Mechanisms linking landform, land use, and climate to instream conditions and fish responses are often hypothesized but we have few formal ways of testing mechanisms that operate over such vast areas. The greatest challenges and, therefore, greatest potential opportunities in the field, clearly lie in our ability to identify and test specific mechanisms. Johnson and Gage (1997*) wrote that relationships between the landscape and the stream were not yet well enough defined or quantified as to permit specific predictions of instream responses. This lack of hypotheses has proven a major roadblock to uncovering mechanisms about how streams interact with their surrounding landscapes.
The vast majority of analyses using these data have focused on identifying correlations between landscape conditions and instream conditions, such as fish assemblages, indexes of biological integrity, or water quality parameters. For example, Carlisle et al. (2008) correlated biological indices based on fish with urban and agricultural land uses and Pinto et al. (2006*) found a negative correlation between percent urban area and fish assemblages. Creque et al. (2005*) linked landscape-scale variables such as mean July temperature with spatial variation in the density of sport fish in Michigan, USA. Often, as Creque et al. (2005) did, these analyses compare the relative magnitude of landscape-scale variables versus site-scale variables such as depth, pool distribution, or channel gradient or they compare relationships across similar variables measured at multiple scales (e.g., Feist et al., 2010, 2003; see Table 1 in Durance et al., 2006*, for further examples). Many additional examples of correlative analyses linking landscapes and aquatic systems can be found. Those published before 2004 are summarized in Allan (2004a*) (see Table 2).
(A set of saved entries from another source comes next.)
(* Let $V$ be a finite vocabulary. Each word $x\in V$ has a synonym set $S_x\subseteq V$ with $x\in S_x$, the synonym relation being symmetric, and a nonempty perturbation set $P_x\subseteq V$. Fix $L\ge1$, $0\le R\le L$, a finite label set $\mathcal{Y}$ and a classifier $f:V^L\to\mathcal{Y}$. For $X=x_1,\ldots,x_L\in V^L$ let $S_X=\{X'\in V^L: \sum_i\mathbb{I}\{x'_i\ne x_i\}\le R,\ x'_i\in S_{x_i}\ \forall i\}$, $\Pi_X(Z)=\prod_{i=1}^L\mathbb{I}\{z_i\in P_{x_i}\}/|P_{x_i}|$, $g^{\mathrm{RS}}(X,c)=\mathbb{P}_{Z\sim\Pi_X}(f(Z)=c)$, and, with $\mathcal{H}_{[0,1]}$ the set of all functions $h:V^L\to[0,1]$ and $\Pi_X[h]=\mathbb{E}_{Z\sim\Pi_X}[h(Z)]$, $$g^{\mathrm{RS}}_{low}(X,c)=\min_{h\in\mathcal{H}_{[0,1]}}\min_{X'\in S_X}\{\Pi_{X'}[h]:\Pi_X[h]=g^{\mathrm{RS}}(X,c)\},\quad g^{\mathrm{RS}}_{up}(X,c)=\max_{h\in\mathcal{H}_{[0,1]}}\max_{X'\in S_X}\{\Pi_{X'}[h]:\Pi_X[h]=g^{\mathrm{RS}}(X,c)\}.$$ Assume $|P_x|=|P_{x'}|$ for every word $x$ and every $x'\in S_x$. Let $q_x=\min_{x'\in S_x}|P_x\cap P_{x'}|/|P_x|$, and for a sentence $X$ order its positions $i_1,\ldots,i_L$ so that $q_{x_{i_1}}\le\cdots\le q_{x_{i_L}}$ and put $q_X=1-\prod_{j=1}^R q_{x_{i_j}}$. Then for all $X$ and $c\in\mathcal{Y}$, $$g^{\mathrm{RS}}_{low}(X,c)\ge\max\big(g^{\mathrm{RS}}(X,c)-q_X,0\big),\qquad g^{\mathrm{RS}}_{up}(X,c)\le\min\big(g^{\mathrm{RS}}(X,c)+q_X,1\big).$$ *)

theory Defs
  imports Complex_Main
begin

definition sentences :: "nat \<Rightarrow> 'w list set" where
  "sentences L = {X. length X = L}"

definition Pi_pmf :: "('w \<Rightarrow> 'w set) \<Rightarrow> 'w list \<Rightarrow> 'w list \<Rightarrow> real" where
  "Pi_pmf P X Z = (\<Prod>i<length X. (if Z ! i \<in> P (X ! i) then 1 else 0) / real (card (P (X ! i))))"

definition Pi_exp :: "('w \<Rightarrow> 'w set) \<Rightarrow> 'w list \<Rightarrow> ('w list \<Rightarrow> real) \<Rightarrow> real" where
  "Pi_exp P X h = (\<Sum>Z\<in>sentences (length X). Pi_pmf P X Z * h Z)"

definition g_RS :: "('w \<Rightarrow> 'w set) \<Rightarrow> ('w list \<Rightarrow> 'y) \<Rightarrow> 'w list \<Rightarrow> 'y \<Rightarrow> real" where
  "g_RS P f X c = Pi_exp P X (\<lambda>Z. if f Z = c then 1 else 0)"

definition syn_set :: "('w \<Rightarrow> 'w set) \<Rightarrow> nat \<Rightarrow> 'w list \<Rightarrow> 'w list set" where
  "syn_set S R X = {X'. length X' = length X \<and>
      card {i. i < length X \<and> X' ! i \<noteq> X ! i} \<le> R \<and>
      (\<forall>i < length X. X' ! i \<in> S (X ! i))}"

definition unit_funs :: "('w list \<Rightarrow> real) set" where
  "unit_funs = {h. \<forall>Z. 0 \<le> h Z \<and> h Z \<le> 1}"

definition g_low :: "('w \<Rightarrow> 'w set) \<Rightarrow> ('w \<Rightarrow> 'w set) \<Rightarrow> nat \<Rightarrow> ('w list \<Rightarrow> 'y) \<Rightarrow> 'w list \<Rightarrow> 'y \<Rightarrow> real" where
  "g_low S P R f X c = Inf {Pi_exp P X' h | h X'. h \<in> unit_funs \<and> X' \<in> syn_set S R X \<and>
                              Pi_exp P X h = g_RS P f X c}"

definition g_up :: "('w \<Rightarrow> 'w set) \<Rightarrow> ('w \<Rightarrow> 'w set) \<Rightarrow> nat \<Rightarrow> ('w list \<Rightarrow> 'y) \<Rightarrow> 'w list \<Rightarrow> 'y \<Rightarrow> real" where
  "g_up S P R f X c = Sup {Pi_exp P X' h | h X'. h \<in> unit_funs \<and> X' \<in> syn_set S R X \<and>
                              Pi_exp P X h = g_RS P f X c}"

definition q_word :: "('w \<Rightarrow> 'w set) \<Rightarrow> ('w \<Rightarrow> 'w set) \<Rightarrow> 'w \<Rightarrow> real" where
  "q_word S P x = Min ((\<lambda>x'. real (card (P x \<inter> P x')) / real (card (P x))) ` S x)"

definition q_sent :: "('w \<Rightarrow> 'w set) \<Rightarrow> ('w \<Rightarrow> 'w set) \<Rightarrow> nat \<Rightarrow> 'w list \<Rightarrow> real" where
  "q_sent S P R X = 1 - prod_list (take R (sort (map (q_word S P) X)))"

end

theory Submission
  imports Defs "HOL-Library.FuncSet" "HOL-Library.Multiset"
begin

text \<open>If X' arises from X by synonym substitutions, the perturbation sets at every position
  have equal size, so the uniform product distributions of X and X' both dominate the common part
  \<open>Z \<mapsto> \<Prod>i. [Z!i \<in> P (X!i) \<inter> P (X'!i)] / |P (X!i)|\<close>, whose total mass is \<open>overlap P X X'\<close>.
  Expectations of a [0,1]-valued function under the two distributions therefore differ by at most
  \<open>1 - overlap P X X'\<close>. The factors of the overlap equal 1 except at the at most R positions
  where X' differs from X, and there they are at least \<open>q_word S P (X!i) \<in> [0,1]\<close>; hence the
  overlap is at least the product of the R smallest of these values, i.e. \<open>1 - overlap P X X'\<close>
  is at most \<open>q_sent S P R X\<close>.\<close>

lemma sum_sentences_prod:
  fixes F :: "nat \<Rightarrow> 'w::finite \<Rightarrow> 'a::comm_semiring_1"
  shows "(\<Sum>Z\<in>sentences n. \<Prod>i<n. F i (Z!i)) = (\<Prod>i<n. \<Sum>z\<in>UNIV. F i z)"
proof -
  have "(\<Sum>Z\<in>sentences n. \<Prod>i<n. F i (Z!i)) = (\<Sum>g\<in>PiE {..<n} (\<lambda>_. UNIV). \<Prod>i<n. F i (g i))"
    by (rule sum.reindex_bij_witness[of _ "\<lambda>g. map g [0..<n]" "\<lambda>Z. restrict (nth Z) {..<n}"])
       (auto simp: sentences_def PiE_def extensional_def intro: nth_equalityI)
  also have "\<dots> = (\<Prod>i<n. \<Sum>z\<in>UNIV. F i z)"
    by (rule prod_sum_PiE[symmetric]) auto
  finally show ?thesis .
qed

lemma sum_sentences_prod_indicator:
  fixes B :: "nat \<Rightarrow> 'w::finite set" and c :: "nat \<Rightarrow> real"
  shows "(\<Sum>Z\<in>sentences n. \<Prod>i<n. (if Z!i \<in> B i then 1 else 0) / c i)
       = (\<Prod>i<n. real (card (B i)) / c i)"
proof -
  have factor: "(\<Sum>z\<in>UNIV. (if z \<in> B i then 1 else 0) / c i) = real (card (B i)) / c i" for i
    by (simp add: sum_divide_distrib[symmetric] sum.If_cases)
  show ?thesis by (subst sum_sentences_prod) (simp only: factor)
qed

lemma Pi_pmf_nonneg: "0 \<le> Pi_pmf P X Z"
  unfolding Pi_pmf_def by (intro prod_nonneg) auto

lemma sum_Pi_pmf:
  fixes P :: "'w::finite \<Rightarrow> 'w set"
  assumes "\<And>x. x \<in> set X \<Longrightarrow> P x \<noteq> {}"
  shows "(\<Sum>Z\<in>sentences (length X). Pi_pmf P X Z) = 1"
proof -
  have "card (P (X!i)) \<noteq> 0" if "i < length X" for i
    using assms[OF nth_mem[OF that]] by simp
  then show ?thesis
    unfolding Pi_pmf_def sum_sentences_prod_indicator by (intro prod.neutral) auto
qed

lemma Pi_exp_nonneg: "h \<in> unit_funs \<Longrightarrow> 0 \<le> Pi_exp P X h"
  unfolding Pi_exp_def unit_funs_def by (intro sum_nonneg mult_nonneg_nonneg Pi_pmf_nonneg) auto

lemma Pi_exp_le_1:
  fixes P :: "'w::finite \<Rightarrow> 'w set"
  assumes "\<And>x. x \<in> set X \<Longrightarrow> P x \<noteq> {}" and "h \<in> unit_funs"
  shows "Pi_exp P X h \<le> 1"
proof -
  have "Pi_exp P X h \<le> (\<Sum>Z\<in>sentences (length X). Pi_pmf P X Z)"
    unfolding Pi_exp_def using \<open>h \<in> unit_funs\<close>
    by (intro sum_mono mult_left_le Pi_pmf_nonneg) (auto simp: unit_funs_def)
  then show ?thesis using sum_Pi_pmf[OF assms(1)] by simp
qed

lemma abs_sum_weighted_diff_le:
  fixes p q m h :: "'a \<Rightarrow> real"
  assumes m: "\<And>x. x \<in> A \<Longrightarrow> m x \<le> p x \<and> m x \<le> q x"
    and h: "\<And>x. x \<in> A \<Longrightarrow> 0 \<le> h x \<and> h x \<le> 1"
    and pq: "sum p A = sum q A"
  shows "\<bar>(\<Sum>x\<in>A. p x * h x) - (\<Sum>x\<in>A. q x * h x)\<bar> \<le> sum p A - sum m A"
proof -
  have bounds: "0 \<le> (\<Sum>x\<in>A. (r x - m x) * h x) \<and> (\<Sum>x\<in>A. (r x - m x) * h x) \<le> sum r A - sum m A"
    if "\<And>x. x \<in> A \<Longrightarrow> m x \<le> r x" for r
  proof
    show "0 \<le> (\<Sum>x\<in>A. (r x - m x) * h x)"
      using that h by (intro sum_nonneg mult_nonneg_nonneg) auto
    have "(\<Sum>x\<in>A. (r x - m x) * h x) \<le> (\<Sum>x\<in>A. r x - m x)"
      using that h by (intro sum_mono mult_left_le) auto
    then show "(\<Sum>x\<in>A. (r x - m x) * h x) \<le> sum r A - sum m A"
      by (simp add: sum_subtractf)
  qed
  have "(\<Sum>x\<in>A. p x * h x) - (\<Sum>x\<in>A. q x * h x)
      = (\<Sum>x\<in>A. (p x - m x) * h x) - (\<Sum>x\<in>A. (q x - m x) * h x)"
    by (simp add: sum_subtractf[symmetric] algebra_simps)
  then show ?thesis
    using bounds[of p] bounds[of q] m pq by (simp add: abs_le_iff)
qed

definition overlap :: "('w \<Rightarrow> 'w set) \<Rightarrow> 'w list \<Rightarrow> 'w list \<Rightarrow> real" where
  "overlap P X Y = (\<Prod>i<length X. real (card (P (X!i) \<inter> P (Y!i))) / real (card (P (X!i))))"

lemma abs_Pi_exp_diff_le_overlap:
  fixes P :: "'w::finite \<Rightarrow> 'w set"
  assumes len: "length Y = length X"
    and card: "\<And>i. i < length X \<Longrightarrow> card (P (Y!i)) = card (P (X!i))"
    and ne: "\<And>x. x \<in> set X \<Longrightarrow> P x \<noteq> {}" "\<And>y. y \<in> set Y \<Longrightarrow> P y \<noteq> {}"
    and h: "h \<in> unit_funs"
  shows "\<bar>Pi_exp P X h - Pi_exp P Y h\<bar> \<le> 1 - overlap P X Y"
proof -
  define common where
    "common Z = (\<Prod>i<length X. (if Z!i \<in> P (X!i) \<inter> P (Y!i) then 1 else 0) / real (card (P (X!i))))"
    for Z
  have "common Z \<le> Pi_pmf P X Z \<and> common Z \<le> Pi_pmf P Y Z" for Z
    unfolding common_def Pi_pmf_def len
    by (intro conjI prod_mono) (auto simp: divide_right_mono card)
  moreover have "(\<Sum>Z\<in>sentences (length X). common Z) = overlap P X Y"
    unfolding common_def overlap_def sum_sentences_prod_indicator ..
  moreover have "(\<Sum>Z\<in>sentences (length X). Pi_pmf P X Z) = 1"
    and "(\<Sum>Z\<in>sentences (length X). Pi_pmf P Y Z) = 1"
    using sum_Pi_pmf[of X P] sum_Pi_pmf[of Y P] ne len by simp_all
  ultimately show ?thesis
    using abs_sum_weighted_diff_le[of "sentences (length X)" common "Pi_pmf P X" "Pi_pmf P Y" h] h
    unfolding Pi_exp_def len by (simp add: unit_funs_def)
qed

lemma prod_list_take_Cons_le:
  fixes a :: "'a::linordered_idom"
  assumes "sorted (a # s)" and "\<forall>x\<in>set (a # s). 0 \<le> x \<and> x \<le> 1"
  shows "prod_list (take R (a # s)) \<le> prod_list (take R s)"
proof (cases R)
  case (Suc R')
  have nonneg: "0 \<le> prod_list (take R' s)"
    using assms(2) by (intro prod_list_nonneg) (auto dest: in_set_takeD)
  show ?thesis
  proof (cases "R' < length s")
    case True
    then have "a \<le> s ! R'" using assms(1) by (simp add: nth_mem)
    then show ?thesis
      using True nonneg Suc by (simp add: take_Suc_conv_app_nth mult_right_mono mult.commute)
  next
    case False
    then show ?thesis using nonneg assms(2) Suc by (simp add: mult_left_le_one_le)
  qed
qed simp

lemma prod_list_take_sorted_le_prod_mset:
  fixes s :: "'a::linordered_idom list"
  assumes "sorted s" and "\<forall>x\<in>set s. 0 \<le> x \<and> x \<le> 1" and "M \<subseteq># mset s" and "size M \<le> R"
  shows "prod_list (take R s) \<le> prod_mset M"
  using assms
proof (induction s arbitrary: M R)
  case (Cons a s)
  show ?case
  proof (cases "a \<in># M")
    case True
    then obtain M' where M: "M = add_mset a M'" by (meson multi_member_split)
    with Cons.prems obtain R' where R: "R = Suc R'" and "size M' \<le> R'"
      by (cases R) auto
    with Cons M have "prod_list (take R' s) \<le> prod_mset M'" by simp
    then show ?thesis using Cons.prems(2) M R by (simp add: mult_left_mono)
  next
    case False
    with Cons.prems(3) have "M \<subseteq># mset s"
      by (simp add: inter_add_left1 subset_mset.inf.absorb_iff2)
    then have "prod_list (take R s) \<le> prod_mset M"
      using Cons by simp
    then show ?thesis by (rule order_trans[OF prod_list_take_Cons_le[OF Cons.prems(1,2)]])
  qed
qed simp

lemma prod_list_take_sort_le_prod:
  fixes qs :: "'a::linordered_idom list"
  assumes D: "D \<subseteq> {..<length qs}" and "card D \<le> R"
    and "\<forall>x\<in>set qs. 0 \<le> x \<and> x \<le> 1"
  shows "prod_list (take R (sort qs)) \<le> (\<Prod>i\<in>D. qs ! i)"
proof -
  have "mset_set D \<subseteq># mset_set {..<length qs}"
    using D by (intro subset_imp_msubset_mset_set) auto
  then have "image_mset (nth qs) (mset_set D) \<subseteq># mset (sort qs)"
    by (metis image_mset_subseteq_mono map_nth mset_map mset_set_upto_eq_mset_upto mset_sort)
  then have "prod_list (take R (sort qs)) \<le> prod_mset (image_mset (nth qs) (mset_set D))"
    using assms by (intro prod_list_take_sorted_le_prod_mset) auto
  then show ?thesis by (simp add: prod_unfold_prod_mset)
qed

lemma q_word_le:
  fixes S P :: "'w::finite \<Rightarrow> 'w set"
  assumes "x' \<in> S x"
  shows "q_word S P x \<le> real (card (P x \<inter> P x')) / real (card (P x))"
  unfolding q_word_def using assms by (intro Min_le) auto

lemma q_word_nonneg:
  fixes S P :: "'w::finite \<Rightarrow> 'w set"
  assumes "S x \<noteq> {}"
  shows "0 \<le> q_word S P x"
  unfolding q_word_def using assms by (subst Min_ge_iff) auto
Correlative studies run the risk of assuming causality between things that are merely coincident or that share some common yet unmeasured driver. Allan (2004a) commented that correlative analyses are often plagued by (1) covariation between anthropogenic influences and natural landscape gradients; (2) multiple scale-dependent mechanisms; (3) non-linear relationships; and (4) difficulties in untangling impacts of current versus past conditions. GIS software combined with multi-layer remotely sensed data can generate, literally, hundreds of potential predictor variables for any instream response of interest. As these data are dredged, spurious relationships are bound to arise. Results of the MIRR Project in Austria (Schmutz et al., 2007) show that “uncontrolled observations” of the hydromorphological status of streams have led to numerous uncontrolled and cross-correlated variables. In another example, Dauwalter and Jackson (2004) identified counter intuitive relationships that they explained as the result of random observations over limited ranges of land use and water-quality variables.
One sign of our over-reliance on correlative relationships is our inability to make predictions in new areas. Meta-analyses of studies across regions could elucidate generalities and hone hypotheses. Examining the impacts of agriculture on fish assemblages across disparate basins, ecosystems, and even ecotones would begin to test whether there are, in fact, generalizable relationships between landscapes and instream responses. Brown et al. (2009) evaluated the impacts of urbanization on fish assemblages across disparate basins, ecosystems, and ecotones to test for generalizable relationships between landscapes and instream responses, and found few. The development of a standardized GIS framework for collecting, organizing, and sharing riverine and landscape data (Hollenhorst et al., 2007; Brenden et al., 2006) and a standardized framework for effectively incorporating biological data into our digital representations of streams would facilitate such meta-analyses.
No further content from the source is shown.